Él inclina la cabeza, como quien saborea una pregunta antes de responder. Afuera, la lluvia sigue su danza frenética contra los adoquines, pero aquí dentro, el tiempo se pliega sobre sí mismo, como si la conversación tejiera su propia eternidad.
—Estrellas no… —repite él, jugando con la idea—. Pero notas musicales, sí. Atraparía las notas de una canción, un valsecito que pudieramos bailar...Las atraparía en un pentagrama invisible y compondría una melodía que solo tú podrías escuchar. Una canción sin final, porque algunas almas necesitan música más que palabras.
Ella sonríe, pero su mirada se vuelve seria por un instante.
—¿Y tendrías paciencia con mis distracciones de disléxica? —pregunta, como si la respuesta fuera un mapa para orientarse en la tormenta de su mente—. A veces me pierdo en mis pensamientos, en los detalles que otros no ven, en caminos que no llevan a ninguna parte.
Él entrelaza sus dedos con los de ella, como si sostuviera algo frágil y sagrado.
—Te esperaría en cada desvío, en cada recodo de tus pensamientos. Caminaría a tu lado aunque el sendero no tuviera lógica alguna. Porque algunas almas no están hechas para seguir líneas rectas, sino para danzar en espirales.
Ella aprieta su mano, sintiendo la calidez de una promesa que no ha sido dicha, pero que flota entre ellos como un hechizo.

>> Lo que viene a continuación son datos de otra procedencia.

text \<open>\<open>li\<close> is negative at \<open>1 + e\<^sup>-\<^sup>3\<close> and positive at 3, already by the crude bounds
  \<open>0 \<le> li_remainder \<le> 1\<close>.\<close>
lemma li_has_zero_above_1: "\<exists>z>1. li z = 0"
proof -
  define L where "L x = integral {0..1} li_remainder + integral {1..x} li_remainder + ln (x - 1)"
    for x
  define a :: real where "a = 1 + exp (- 3)"
  have "exp (- 3 :: real) < 1" by simp
  then have a: "1 < a" "a \<le> 3" "ln (a - 1) = - 3"
    unfolding a_def by (simp, linarith, simp)
  have "continuous_on {1..3} (\<lambda>x. integral {1..x} li_remainder)"
    by (intro indefinite_integral_continuous_1 li_remainder_integrable) simp
  then have "continuous_on {a..3} (\<lambda>x. integral {1..x} li_remainder)"
    by (rule continuous_on_subset) (use a in auto)
  moreover have "continuous_on {a..3} (\<lambda>x. ln (x - 1))"
    using a by (intro continuous_intros) auto
  ultimately have "continuous_on {a..3} L"
    unfolding L_def by (intro continuous_on_add continuous_on_const)
  moreover have "L a \<le> 0"
    using li_remainder_integral_bounds[of 0 1] li_remainder_integral_bounds[of 1 a] a
    unfolding L_def by linarith
  moreover have "0 \<le> L 3"
    using li_remainder_integral_bounds[of 0 1] li_remainder_integral_bounds[of 1 3]
      ln_ge_zero[of "3 - 1 :: real"]
    unfolding L_def by linarith
  ultimately obtain z where "a \<le> z" "z \<le> 3" "L z = 0"
    using IVT'[of L a 0 3] a(2) by blast
  moreover from this have "li z = 0" using a li_eq_regularised[of z] by (simp add: L_def)
  ultimately show ?thesis using a(1) by (intro exI[of _ z]) auto
qed

lemma soldner_mu_gt_1: "1 < soldner_mu"
  and li_soldner_mu: "li soldner_mu = 0"
proof -
  have "\<exists>!x. 1 < x \<and> li x = 0"
  proof (rule ex_ex1I)
    show "\<exists>x. 1 < x \<and> li x = 0" using li_has_zero_above_1 by blast
    fix x y assume "1 < x \<and> li x = 0" "1 < y \<and> li y = 0"
    then show "x = y"
      using li_strict_mono_above_1[of x y] li_strict_mono_above_1[of y x]
      by (cases x y rule: linorder_cases) auto
  qed
  from theI'[OF this] show "1 < soldner_mu" "li soldner_mu = 0"
    unfolding soldner_mu_def by auto
qed

lemma li_eq_integral_from_soldner_mu:
  "soldner_mu \<le> x \<Longrightarrow> li x = integral {soldner_mu..x} (\<lambda>u. 1 / ln u)"
  using li_diff_eq_integral[OF soldner_mu_gt_1, of x] unfolding li_soldner_mu by linarith

lemma li_bounds_above_soldner_mu:
  assumes "soldner_mu \<le> x"
  shows "(x - soldner_mu) / ln ((soldner_mu + x) / 2) \<le> li x"
    and "li x \<le> (x - soldner_mu) / ln soldner_mu"
  using recip_ln_integral_bounds[OF soldner_mu_gt_1 assms] li_eq_integral_from_soldner_mu[OF assms]
  by simp_all

lemma li_less_above_soldner_mu:
  assumes "soldner_mu < x"
  shows "li x < (x - soldner_mu) / ln soldner_mu"
  using recip_ln_integral_less[OF soldner_mu_gt_1 assms] li_eq_integral_from_soldner_mu assms
  by simp

lemma scaled_ceiling_bounds:
  fixes \<mu> t r R :: real
  assumes "0 < \<mu>" "r = \<mu> * exp (- t)" "R = real_of_int \<lceil>r\<rceil>"
  shows "0 \<le> R - r" "R - r < 1" "exp t * R - \<mu> = exp t * (R - r)"
    and "\<mu> \<le> exp t * R" "exp t * R < \<mu> + exp t"
    and "ln (exp t * R) = t + ln R" "ln ((\<mu> + exp t * R) / 2) = t + ln ((R + r) / 2)"
proof -
  have r: "0 < r" "exp t * r = \<mu>" using assms by (simp_all add: exp_minus)
  show R: "0 \<le> R - r" "R - r < 1" using assms(3) ceiling_correct[of r] by auto
  show diff: "exp t * R - \<mu> = exp t * (R - r)" using r by (simp add: algebra_simps)
  have "0 \<le> exp t * (R - r)" "exp t * (R - r) < exp t * 1"
    using R by (simp_all only: mult_nonneg_nonneg exp_ge_zero mult_strict_left_mono exp_gt_zero)
  then show "\<mu> \<le> exp t * R" "exp t * R < \<mu> + exp t" using diff by linarith+
  show "ln (exp t * R) = t + ln R" using r R by (simp add: ln_mult_pos)
  have "ln ((\<mu> + exp t * R) / 2) = ln (exp t * ((R + r) / 2))"
    using r by (intro arg_cong[of _ _ ln]) (simp add: algebra_simps)
  also have "\<dots> = t + ln ((R + r) / 2)" using r R by (subst ln_mult_pos) auto
  finally show "ln ((\<mu> + exp t * R) / 2) = t + ln ((R + r) / 2)" .
qed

—¿Y me darías la libertad de un águila para volar alto? —su voz es apenas un susurro, pero en su tono hay una súplica velada, el miedo de quien ha conocido jaulas disfrazadas de abrazos.
Él la mira con la intensidad de quien comprende lo que significa amar sin cadenas.
—No solo te daría la libertad, sino que me aseguraría de que tu vuelo sea eterno. Porque algunos amores no son nidos… son cielos abiertos.
Ella cerró los ojos por un instante, dejando que sus palabras flotaran en el aire, como hojas mecidas por el viento. Cuántas veces le habían prometido libertad, solo para descubrir que era una cuerda larga, pero cuerda al fin. Cuántas veces había sentido el peso de miradas que la querían retener, domesticar su vuelo, recortar sus alas con la dulzura engañosa de la posesión. Pero en su voz, en la certeza con la que él hablaba, no había cadenas ocultas ni barrotes disfrazados de falsas y egoistas caricias. Había horizonte. Y en ese horizonte, ella se vio volando alto, sin miedo, sin dudas, con el viento a su favor y la certeza de que, por primera vez, alguien no quería atraparla, sino verla surcar el cielo sin mirar atrás. Alguien incluso dispuesto a lanzarse al vacío junto a ella, para volar juntos y fluir con el viento, en las subidas y bajadas de la vida.
La Giralda respiraba con ellos. En la mesa, dos tazas de chocolate aún humean, testigos de un instante suspendido entre el pasado y el futuro. Afuera, la tormenta arrecia. Adentro, una historia comienza a escribirse en la piel de las memorias del olvido, o que no sucedieron, o quizas si pero en mundos paralelos.
-Deberías olvidarme,Ari, y buscar una novia de verdad... dejar de responder en tus sueños, a mis preguntas, o sentir mi voz en tu corazón creyendo que es la tuya propia pero que digo... debo ser yo quien debe buscar a alguien real. Pero algo me retiene aquí y despierta las ansias de escribir sobre nosotros, y un amor único.
-Yo se, que tu existes, y un día, nos miraremos a los ojos y sabremos que esto es tan verdad como lo que hay ahí al otro lado del espejo. Te prometo, que cuando sepa tu nombre, iré a verte aunque sea a la Luna o el Polo Norte.
Es cierto, siempre olvido mi nombre cuando cruzo al otro lado...pero el me llamaba Maria... ignorando que María, era la mitad de mi nombre, como el era la otra mitad mía y yo le puse Ariel, porque de niña, cuando me acompañaba en la quimioterapia, me mostraba su don con los animales y las plantas, para que olvidara el dolor,y Ariel era el angel de la naturaleza... aparte era noble y jugueton como un león, salvo cuando se ponía serio, y rugía, vaya si rugía... Sobre todo cuando le tiraba de su pelo oscuro y ondulado. y le decía te quiero susurrandole al oido.